For the cause of independence, though, a rebel slaughter did not necessarily equal defeat. Connolly believed in equal measure that to strike was to win, a gesture of symbolic inspiration to the Irish and other oppressed people.
When the insurgency began, catching the British unaware, it seemed for a fleeting instant like the rebels could win outright.
“If you look at the panicked reactions of the British,” Kiberd adds, “it does seem like they were at least momentarily made to wobble.”
The Brits sent reinforcements, who believed they were en route to France, to quell the rebellion. But a number of them were so green they had never fired a gun. As the soldiers disembarked at Kingstown, what’s now Dun Laoghaire, a sergeant ordered them to shoot into the sea for practice. More than a hundred of those men were dead within three hours, gunned down as they crossed a bridge into Dublin.
Once the element of surprise passed, however, the rebels could not match the waves of British artillery and manpower coming across the Irish Sea. Within two days, Christine Kinealy writes in _A New History of Ireland_, “the troops outnumbered the insurgents by twenty to one.” The rebel leaders surrendered in less than a week.
Some among the Irish people respected the effort and were proud that the country’s few freedom fighters could withstand the counterattack for as long as they did. But many were also ambivalent — about the cause, the timing, the tactics — and hostile toward the rebels.
Deaths of innocent bystanders fueled the hostility. Civilians made up the largest number of fatalities — 230, compared to 64 rebels and 132 British troops. Many more people who were caught in Dublin’s chaotic crossfire had lost relatives on European battlefields. They felt no patriotic affinity with Irish freedom fighters.

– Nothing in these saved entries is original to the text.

theory Submission
  imports Defs
begin

text \<open>Averaging the subsample estimators with weights w(s) summing to 1 gives an equivariant
  estimator for the pooled sample, so the Pitman estimator of the pooled sample has variance at most
  that of the average. Each sample index lies in K = (N-1 choose m-1) of the m-subsets, so the
  variance drop lemma (an Efron-Stein type inequality, proved by successively projecting onto the
  functions not depending on one observation) bounds the variance of the average by
  K * sum of w(s)^2 * var t(s). Weights proportional to 1 / var t(s) then give the claim.\<close>

definition sq_integrable :: "'a measure \<Rightarrow> ('a \<Rightarrow> real) \<Rightarrow> bool" where
  "sq_integrable M f \<longleftrightarrow> f \<in> borel_measurable M \<and> integrable M (\<lambda>x. (f x)\<^sup>2)"

lemma sq_integrable_imp_integrable_mult:
  assumes "sq_integrable M f" "sq_integrable M g"
  shows "integrable M (\<lambda>x. f x * g x)"
proof (rule Bochner_Integration.integrable_bound)
  show "integrable M (\<lambda>x. (f x)\<^sup>2 + (g x)\<^sup>2)"
    using assms by (auto simp: sq_integrable_def)
  show "(\<lambda>x. f x * g x) \<in> borel_measurable M"
    using assms by (auto simp: sq_integrable_def)
  have "2 * \<bar>a * b\<bar> \<le> a\<^sup>2 + b\<^sup>2" for a b :: real
    using sum_squares_bound[of "\<bar>a\<bar>" "\<bar>b\<bar>"] by (simp add: abs_mult power2_eq_square)
  then show "AE x in M. norm (f x * g x) \<le> norm ((f x)\<^sup>2 + (g x)\<^sup>2)"
    by (intro AE_I2) (smt (verit) real_norm_def zero_le_power2 abs_ge_zero)
qed
lemma psi_radius_less:
  assumes "0 < a" "0 < r" "1 \<le> k" "1 / (1 + a*r) \<le> t" "t \<le> 1" "psi_deriv_factor a k t < 0"
  shows "radius_am (psi_num a) (den a 3) < ereal r"
proof -
  have "0 < 1 + a*r" using assms(1,2) by (simp add: add_pos_pos)
  then have "0 < t" using assms(4) by (metis divide_pos_pos order_less_le_trans zero_less_one)
  define x0 where "x0 = (1 - 1/t) / a"
  have t_x0: "1 - a*x0 = 1/t" using assms(1) by (simp add: x0_def)
  have "x0 \<in> {-r..0}"
  proof -
    have "1 \<le> 1/t" "1/t \<le> 1 + a*r"
      using \<open>0 < 1 + a*r\<close> \<open>0 < t\<close> assms(4,5) by (simp_all add: divide_simps mult.commute)
    then have "-r * a \<le> 1 - 1/t" "1 - 1/t \<le> 0" by (simp_all add: algebra_simps)
    then show ?thesis using assms(1) by (simp add: x0_def le_divide_eq divide_le_0_iff)
  qed
  moreover have "eventually (\<lambda>x. \<not> abs_mono_at (psi_num a) (den a 3) x) (at x0)"
  proof -
    have "((\<lambda>x. 1 - a*x) \<longlongrightarrow> 1/t) (at x0)"
      unfolding t_x0[symmetric] by (intro tendsto_intros)
    then have lim: "((\<lambda>x. 1 / (1 - a*x)) \<longlongrightarrow> t) (at x0)"
      using tendsto_divide[OF tendsto_const[of 1]] \<open>0 < t\<close> by fastforce
    have "isCont (psi_deriv_factor a k) t"
      unfolding psi_deriv_factor_def by (intro continuous_intros)
    then have "eventually (\<lambda>x. psi_deriv_factor a k (1 / (1 - a*x)) < 0) (at x0)"
      using isCont_tendsto_compose[OF _ lim] assms(6) by (intro order_tendstoD(2))
    moreover have "eventually (\<lambda>x. 0 < 1 / (1 - a*x)) (at x0)"
      using lim \<open>0 < t\<close> by (rule order_tendstoD(1))
    ultimately show ?thesis
    proof eventually_elim
      case (elim x)
      then show ?case
        using assms(3) by (auto simp: psi_abs_mono_at_iff[OF assms(1)] not_le zero_less_divide_iff)
    qed
  qed
  ultimately show ?thesis using assms(2) by (intro radius_am_less_if_eventually_not_abs_mono)
qed

section \<open>The optimal parameter\<close>

lemma sqrt_eight: "sqrt 8 = 2 * sqrt (2::real)"
proof -
  have "sqrt (8::real) = sqrt (4 * 2)" by simp
  also have "\<dots> = sqrt 4 * sqrt 2" by (rule real_sqrt_mult)
  also have "sqrt (4::real) = 2" by (simp add: real_sqrt_unique)
  finally show ?thesis .
qed

lemma sqrt_two_less: "sqrt (2::real) < 14143/10000"
  by (rule real_less_lsqrt) (simp_all add: power2_eq_square)

lemma psi_factor_star:
  "psi_factor ((2 - sqrt 2)/4) t = (29/8 - 41 * sqrt 2 / 16) + (t - (2 - sqrt 2))^3 / 4"
proof -
  define s where "s = sqrt (2::real)"
  have s2: "s * (s * z) = 2 * z" for z :: real by (simp add: s_def flip: mult.assoc)
  show ?thesis unfolding psi_factor_def s_def[symmetric]
    by (simp add: field_simps power2_eq_square power3_eq_cube s2)
qed

lemma psi_deriv_factor_star:
  "psi_deriv_factor ((2 - sqrt 2)/4) k t = (3 - 2 * sqrt 2)/2 * ((real k - 1) * (real k - 2))/6
     + (t - (2 - sqrt 2)) * ((sqrt 2 - 2)/4 * (real k + 1) + (real k + 1) * (real k + 2) * (t + (2 - sqrt 2))/24)"
proof -
  define s where "s = sqrt (2::real)"
  have s2: "s * (s * z) = 2 * z" for z :: real by (simp add: s_def flip: mult.assoc)
  show ?thesis unfolding psi_deriv_factor_def s_def[symmetric]
    by (simp add: field_simps power2_eq_square s2)
qed

lemma psi_factor_star_pos:
  assumes "2 - sqrt 2 \<le> t"
  shows "0 < psi_factor ((2 - sqrt 2)/4) t"
proof -
  have "41 * sqrt 2 < (58::real)"
    using sqrt_two_less by simp
  moreover have "0 \<le> (t - (2 - sqrt 2))^3" using assms by simp
  ultimately show ?thesis unfolding psi_factor_star by linarith
qed

lemma psi_deriv_factor_star_nonneg:
  assumes "2 - sqrt 2 \<le> t" "1 \<le> k"
  shows "0 \<le> psi_deriv_factor ((2 - sqrt 2)/4) k t"
proof -
  define c where "c = 2 - sqrt (2::real)"
  have "0 < c" using sqrt_two_less by (simp add: c_def)
  have "0 \<le> (real k - 1) * (real k - 2)"
    by (cases "k \<le> 1") (use assms(2) in \<open>auto simp: le_Suc_eq\<close>)
  then have first: "0 \<le> (3 - 2 * sqrt 2)/2 * ((real k - 1) * (real k - 2))/6"
    using sqrt_two_less by simp
  have "3 * (2 * c) \<le> (real k + 2) * (t + c)"
    using assms \<open>0 < c\<close> by (intro mult_mono) (auto simp: c_def)
  then have "(real k + 1) * (3 * (2 * c)) \<le> (real k + 1) * ((real k + 2) * (t + c))"
    by (rule mult_left_mono) simp
  then have "(real k + 1) * (c / 4) \<le> (real k + 1) * (real k + 2) * (t + c) / 24"
    by (simp add: field_simps)
  moreover have "(sqrt 2 - 2)/4 * (real k + 1) = - ((real k + 1) * (c / 4))"
    by (simp add: c_def field_simps)
  ultimately have "0 \<le> (sqrt 2 - 2)/4 * (real k + 1) + (real k + 1) * (real k + 2) * (t + c)/24"
    by linarith
  then have "0 \<le> (t - c) * ((sqrt 2 - 2)/4 * (real k + 1) + (real k + 1) * (real k + 2) * (t + c)/24)"
    using assms(1) by (simp add: c_def)
  with first show ?thesis unfolding psi_deriv_factor_star c_def by linarith
qed

lemma psi_deriv_factor_star_2:
  "psi_deriv_factor ((2 - sqrt 2)/4) 2 t = (t - (2 - sqrt 2)) * (t - (2 - sqrt 2)/2) / 2"
  unfolding psi_deriv_factor_star by (simp add: field_simps)

lemma psi_star_edge: "1 / (1 + (2 - sqrt 2)/4 * (2 + sqrt 8)) = 2 - sqrt (2::real)"
proof -
  define s where "s = sqrt (2::real)"
  have s2: "s * (s * z) = 2 * z" for z :: real by (simp add: s_def flip: mult.assoc)
  have "0 \<le> s" "s * s = 2" by (simp_all add: s_def)
  then show ?thesis unfolding sqrt_eight s_def[symmetric]
    by (simp add: field_simps s2)
qed

lemma radius_psi_star:
  "radius_am (psi_num ((2 - sqrt 2)/4)) (den ((2 - sqrt 2)/4) 3) = ereal (2 + sqrt 8)"
proof -
  define a where "a = (2 - sqrt 2)/(4::real)"
  define r where "r = 2 + sqrt (8::real)"
  have "0 < a" using sqrt_two_less by (simp add: a_def)
  have "0 < r" by (simp add: r_def add_pos_nonneg)
  have "0 < 1 + a*r" using mult_pos_pos[OF \<open>0 < a\<close> \<open>0 < r\<close>] by linarith
  have edge: "1 / (1 + a*r) = 2 - sqrt 2" unfolding a_def r_def by (rule psi_star_edge)
  have "ereal r \<le> radius_am (psi_num a) (den a 3)"
  proof (rule radius_am_ge)
    fix x assume "x \<in> {-r..0}"
    then have "a*x \<le> 0" "a*(-r) \<le> a*x"
      using \<open>0 < a\<close> by (simp add: mult_nonneg_nonpos, intro mult_left_mono) auto
    then have "0 < 1 - a*x" "1 - a*x \<le> 1 + a*r" by simp_all
    then have "2 - sqrt 2 \<le> 1 / (1 - a*x)"
      unfolding edge[symmetric] by (intro divide_left_mono) simp_all
    then show "abs_mono_at (psi_num a) (den a 3) x"
      using \<open>0 < 1 - a*x\<close> \<open>0 < a\<close>
      by (simp add: psi_abs_mono_at_iff a_def psi_factor_star_pos psi_deriv_factor_star_nonneg less_imp_le)
  qed (use \<open>0 < r\<close> in simp)
  moreover have "radius_am (psi_num a) (den a 3) \<le> ereal r"
  proof (rule radius_am_le_if_eventually_not_abs_mono_at_left[of "-r", simplified])
    have "((\<lambda>x. 1 / (1 - a*x)) \<longlongrightarrow> 1 / (1 - a*(-r))) (at_left (-r))"
      using \<open>0 < 1 + a*r\<close> by (intro tendsto_intros) simp
    then have "eventually (\<lambda>x. (2 - sqrt 2)/2 < 1 / (1 - a*x)) (at_left (-r))"
      by (rule order_tendstoD(1)) (use edge sqrt_two_less in auto)
    moreover have "eventually (\<lambda>x. x < -r) (at_left (-r))"
      by (auto simp: eventually_at_left_field intro: exI[of _ "-r - 1"])
    ultimately show "eventually (\<lambda>x. \<not> abs_mono_at (psi_num a) (den a 3) x) (at_left (-r))"
    proof eventually_elim
      case (elim x)
      then have "a * x < a * (-r)"
        using \<open>0 < a\<close> by (intro mult_strict_left_mono) auto
      then have "1 + a*r < 1 - a*x" by simp
      then have "1 / (1 - a*x) < 2 - sqrt 2"
        unfolding edge[symmetric] using \<open>0 < 1 + a*r\<close> by (intro divide_strict_left_mono) simp_all
      then have "psi_deriv_factor a 2 (1 / (1 - a*x)) < 0"
        using elim unfolding a_def psi_deriv_factor_star_2 by (simp add: mult_neg_pos)
      moreover have "0 < 1 - a*x" using \<open>0 < 1 + a*r\<close> \<open>1 + a*r < 1 - a*x\<close> by linarith
      ultimately show ?case
        using psi_abs_mono_at_iff[OF \<open>0 < a\<close>] by (metis not_le one_le_numeral)
    qed
  qed (use \<open>0 < r\<close> in simp)
  ultimately show ?thesis unfolding a_def r_def by (rule antisym[rotated])
qed

section \<open>All other parameters\<close>

lemma psi_deriv_factor_inverse:
  assumes "y \<noteq> 0"
  shows "y^2 * psi_deriv_factor a k (1/y) = (12*a^2 - 8*a + 1)*y^2 + (-8*a^2 + 7*a - 1)*(real k + 1)*y
    + (6*a^2 - 6*a + 1)*((real k + 1)*(real k + 2)/6)"
  using assms unfolding psi_deriv_factor_def by (simp add: field_simps power2_eq_square)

“A lot of these guys were spat upon afterwards,” Fox says. “Who was spitting on them? Widows and mothers of Irish kids, guys who had been killed in the trenches.”
Irish public opinion coalesced around the British executions of 16 leaders. To the imperial government, the men were traitors. To the Irish, the death sentences became perhaps a greater rallying point than the Easter Rising itself.

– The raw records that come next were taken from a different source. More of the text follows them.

lemma eval2_smult [simp]: "eval2 (smult a P) x y = poly a x * eval2 P x y"
  by (induction P) (auto simp: algebra_simps)

lemma eval2_mult [simp]: "eval2 (P * Q) x y = eval2 P x y * eval2 Q x y"
  by (induction P) (auto simp: algebra_simps)

lemma eval2_1 [simp]: "eval2 1 x y = 1"
  by (simp add: one_pCons)

lemma eval2_power [simp]: "eval2 (P ^ n) x y = eval2 P x y ^ n"
  by (induction n) auto

lemma evalC_mult [simp]: "evalC (P * Q) z = evalC P z * evalC Q z"
  by (simp add: evalC_def)

lemma evalC_power [simp]: "evalC (P ^ n) z = evalC P z ^ n"
  by (simp add: evalC_def)

lemma evalC_complexify: "evalC (complexify F) z = complex_of_real (evalR F z)"
proof -
  have poly_of_real: "poly (map_poly of_real p) (of_real x) = complex_of_real (poly p x)" for p x
    by (induction p) (auto simp: map_poly_pCons)
  have "eval2 (complexify F) (of_real x) (of_real y) = complex_of_real (eval2 F x y)" for x y
    unfolding complexify_def by (induction F) (auto simp: map_poly_pCons poly_of_real)
  then show ?thesis
    by (simp add: evalC_def evalR_def)
qed

lemma fract_poly_clear_denominator:
  fixes X :: "'a::{idom_divide,ring_gcd,factorial_semiring,semiring_Gcd,semiring_gcd_mult_normalize}
    fract poly"
  obtains d X' where "d \<noteq> 0" "smult (to_fract d) X = fract_poly X'"
proof -
  have "\<exists>d X'. d \<noteq> 0 \<and> smult (to_fract d) X = fract_poly X'"
  proof (induction X)
    case 0
    show ?case by (intro exI[of _ 1] exI[of _ 0]) simp
  next
    case (pCons c X)
    then obtain d X' where d: "d \<noteq> 0" "smult (to_fract d) X = fract_poly X'" by blast
    obtain a b where ab: "c = Fract a b" "b \<noteq> 0" by (cases c rule: Fract_cases)
    have "smult (to_fract (b * d)) (pCons c X)
        = pCons (to_fract (d * a)) (smult (to_fract b) (fract_poly X'))"
      using ab d by (simp add: Fract_conv_to_fract field_simps flip: smult_smult)
    also have "\<dots> = fract_poly (pCons (d * a) (smult b X'))"
      by (simp add: map_poly_pCons)
    finally show ?case using ab d by (intro exI[of _ "b * d"] exI) auto
  qed
  then show ?thesis using that by blast
qed

text \<open>An element D of least degree in the ideal (P, Q) divides both P and Q; as P is irreducible
  and does not divide Q, D is a unit.\<close>

lemma field_poly_bezout:
  fixes P Q :: "'a::field poly"
  assumes irr: "irreducible P" and ndvd: "\<not> P dvd Q"
  obtains A B where "A * P + B * Q = 1"
proof -
  define S where "S = {D. D \<noteq> 0 \<and> (\<exists>A B. D = A * P + B * Q)}"
  have "P \<in> S"
    using irr unfolding S_def by (auto simp: irreducible_def intro: exI[of _ 1] exI[of _ 0])
  then obtain D where "D \<in> S" and minimal: "\<And>E. E \<in> S \<Longrightarrow> degree D \<le> degree E"
    using ex_has_least_nat[of "\<lambda>D. D \<in> S" P degree] by blast
  then obtain A0 B0 where D: "D \<noteq> 0" "D = A0 * P + B0 * Q"
    unfolding S_def by blast
  have D_dvd: "D dvd A1 * P + B1 * Q" for A1 B1
  proof (rule ccontr)
    let ?X = "A1 * P + B1 * Q"
    assume "\<not> D dvd ?X"
    then have "?X mod D \<noteq> 0" by (simp add: dvd_eq_mod_eq_0)
    moreover have "?X mod D = (A1 - (?X div D) * A0) * P + (B1 - (?X div D) * B0) * Q"
      using D(2) by (simp add: minus_div_mult_eq_mod [symmetric] algebra_simps)
    ultimately have "degree D \<le> degree (?X mod D)"
      by (intro minimal) (auto simp: S_def)
    with degree_mod_less[OF D(1)] \<open>?X mod D \<noteq> 0\<close> show False
      by (metis not_le)
  qed
  have "D dvd P" using D_dvd[of 1 0] by simp
  have "D dvd Q" using D_dvd[of 0 1] by simp
  have "is_unit D"
  proof (rule ccontr)
    assume "\<not> is_unit D"
    then have "P dvd D"
      using irr \<open>D dvd P\<close> by (metis dvdE dvd_mult_unit_iff dvd_refl irreducibleD)
    with \<open>D dvd Q\<close> ndvd show False by (meson dvd_trans)
  qed
  then obtain U where "1 = D * U" by (auto elim: dvdE)
  with D(2) show ?thesis
    by (intro that[of "U * A0" "U * B0"]) (simp add: algebra_simps)
qed
text \<open>The first n digits of g^n(x0) never change again; together they define the fixed point.\<close>

lemma z2_contracting_fixed_point:
  assumes g: "z2_contracting g" and x0: "digits (g x0) 1 = digits x0 1"
  shows "\<exists>p. g p = p \<and> digits p 1 = digits x0 1"
proof -
  have stable: "digits ((g ^^ Suc n) x0) (Suc n) = digits ((g ^^ n) x0) (Suc n)" for n
    using z2_contracting_funpow_digits[OF g _ x0, of n]
    by (simp add: funpow_Suc_right del: funpow.simps)
  define d where "d n = digits ((g ^^ n) x0) n" for n
  have "d n = d (Suc n) mod 2 ^ n" for n
  proof -
    have "d (Suc n) mod 2 ^ n = digits ((g ^^ Suc n) x0) n"
      unfolding d_def by (rule digits_mod_power[symmetric]) simp
    also have "\<dots> = d n"
      unfolding d_def by (rule digits_eq_le[OF stable]) simp
    finally show ?thesis by simp
  qed
  then have digits_p: "digits (Abs_z2 d) = d" by (intro digits_Abs_z2 allI)
  have "g (Abs_z2 d) = Abs_z2 d"
  proof (rule z2_eqI)
    fix n
    have "digits (Abs_z2 d) (Suc n) = digits ((g ^^ Suc n) x0) (Suc n)"
      using digits_p by (simp add: d_def)
    moreover have "1 \<le> Suc n" by simp
    ultimately have "digits (g (Abs_z2 d)) (Suc (Suc n)) = digits (g ((g ^^ Suc n) x0)) (Suc (Suc n))"
      using g unfolding z2_contracting_def by blast
    then show "digits (g (Abs_z2 d)) (Suc (Suc n)) = digits (Abs_z2 d) (Suc (Suc n))"
      using digits_p by (simp add: d_def)
  qed
  moreover have "digits (Abs_z2 d) 1 = digits x0 1"
    using digits_p x0 by (simp add: d_def)
  ultimately show ?thesis by blast
qed

lemma z2_contracting_attracted_to_orbit:
  assumes g: "z2_contracting g" and "finite Orb" and "g ` Orb \<subseteq> Orb"
    and y: "y \<in> Orb" "digits x 1 = digits y 1"
  shows "attracted g Orb x"
proof (rule attractedI[OF \<open>finite Orb\<close>])
  fix n
  have "(g ^^ n) y \<in> Orb"
    using \<open>g ` Orb \<subseteq> Orb\<close> y(1) by (induction n) auto
  moreover have "digits ((g ^^ n) x) (Suc n) = digits ((g ^^ n) y) (Suc n)"
    using z2_contracting_funpow_digits[OF g _ y(2), of n] by simp
  ultimately show "\<exists>q\<in>Orb. digits ((g ^^ n) x) (Suc n) = digits q (Suc n)" by blast
qed

lemma z2_contracting_attracting_fixed_point:
  assumes g: "z2_contracting g" and parity: "\<And>x. digits (g x) 1 = digits x 1"
    and c: "c \<in> {0, 1}"
  shows "\<exists>p. attracting_fixed_point g p \<and> digits p 1 = c \<and> basin g {p} = z2_class c 1"
proof -
  have "digits (z2_of_int c) 1 = c" using c by (auto simp: digits_z2_of_int)
  then obtain p where p: "g p = p" "digits p 1 = c"
    using z2_contracting_fixed_point[OF g parity, of "z2_of_int c"] by auto
  have parity_iter: "digits ((g ^^ n) x) 1 = digits x 1" for n x
  proof (induction n)
    case (Suc n)
    then show ?case using parity[of "(g ^^ n) x"] by simp
  qed simp
  have parity_class: "z2_class c 1 = {x. digits x 1 = digits p 1}"
    using z2_class_1[OF c] p(2) by simp
  have basin: "basin g {p} = z2_class c 1"
  proof (intro set_eqI iffI)
    fix x
    assume "x \<in> basin g {p}"
    then have "attracted g {p} x" unfolding basin_def by simp
    then have "digits x 1 = digits p 1"
      using not_attracted_if_parity_differs[of g x p] parity_iter by metis
    then show "x \<in> z2_class c 1" unfolding parity_class by simp
  next
    fix x
    assume "x \<in> z2_class c 1"
    then have "digits x 1 = digits p 1" unfolding parity_class by simp
    then have "attracted g {p} x"
      using z2_contracting_attracted_to_orbit[OF g, of "{p}" p x] p(1) by simp
    then show "x \<in> basin g {p}" unfolding basin_def by simp
  qed
  have "attracting_fixed_point g p"
    unfolding attracting_fixed_point_def
  proof (intro conjI exI[of _ "z2_class c 1"] ballI exI[of _ "1::real"] allI impI)
    show "p \<in> z2_class c 1" unfolding parity_class by simp
    show "z2_class c 1 \<subseteq> basin g {p}" using basin by simp
    show "z \<in> z2_class c 1" if "y \<in> z2_class c 1" "z2_dist z y < 1" for y z
    proof -
      have "digits z 1 = digits y 1"
        using that(2) z2_dist_eq_1_if_parity_differs[of z y]
        by (cases "digits z 1 = digits y 1") auto
      then show ?thesis using that(1) unfolding parity_class by simp
    qed
  qed (simp_all add: p(1))
  with p basin show ?thesis by blast
qed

George Bernard Shaw wrote in a London newspaper that the surrendered rebels should have been treated as prisoners of war, like any enemy soliders. In conducting secret courts martial, as if the men had turned against their own country in wartime and not stood up for their own, the British miscalculated the disposition of the Irish people toward the Empire. The executions only increased the revolutionary temperature in Ireland.
“I think the authorities utterly misinterpreted the importance of the moment,” Kiberd says, “because they were distracted by what they would call the main theater of actions in Europe.”
The political context of the executions and their local and global ramifications give the cause of Irish independence its historical bone structure, but the intimacy of individual stories adds flesh and blood to the documentary. Like footage of an aging Nora Connolly O’Brien, the daughter of James Connolly, describing the family being summoned for a final meeting with him. She recalls being escorted by the British along still-smoldering O’Connell Street to see her condemned father for the last time, smelling smoke and cordite in the air and hearing her mother cry out in grief.
Or the recollection of a British soldier who survived the initial ambush, recounting the experience in an interview decades later with what Fox calls “gut-wrenching” detail. “These guys hadn’t been in action,” Fox says, “and all of a sudden they’re walking down a Dublin street and they’re getting mowed down. . . . What would it be like?”
One objective of _1916: The Irish Rebellion_ is to blend scholarly perspectives, evocative music, and archival footage and imagery to give viewers a vivid answer to that question for participants on all sides.
A photograph of Dublin in ruins serves as a defining illustration of the documentary. The fighting is over, and the rebuilding of personal and national life has yet to begin.
Two children in the foreground face away from the camera, looking toward the rubble. More bloodshed and eventual independence will be their conflicted inheritance, the story of their lives and of the Ireland that the Easter Rising helped create.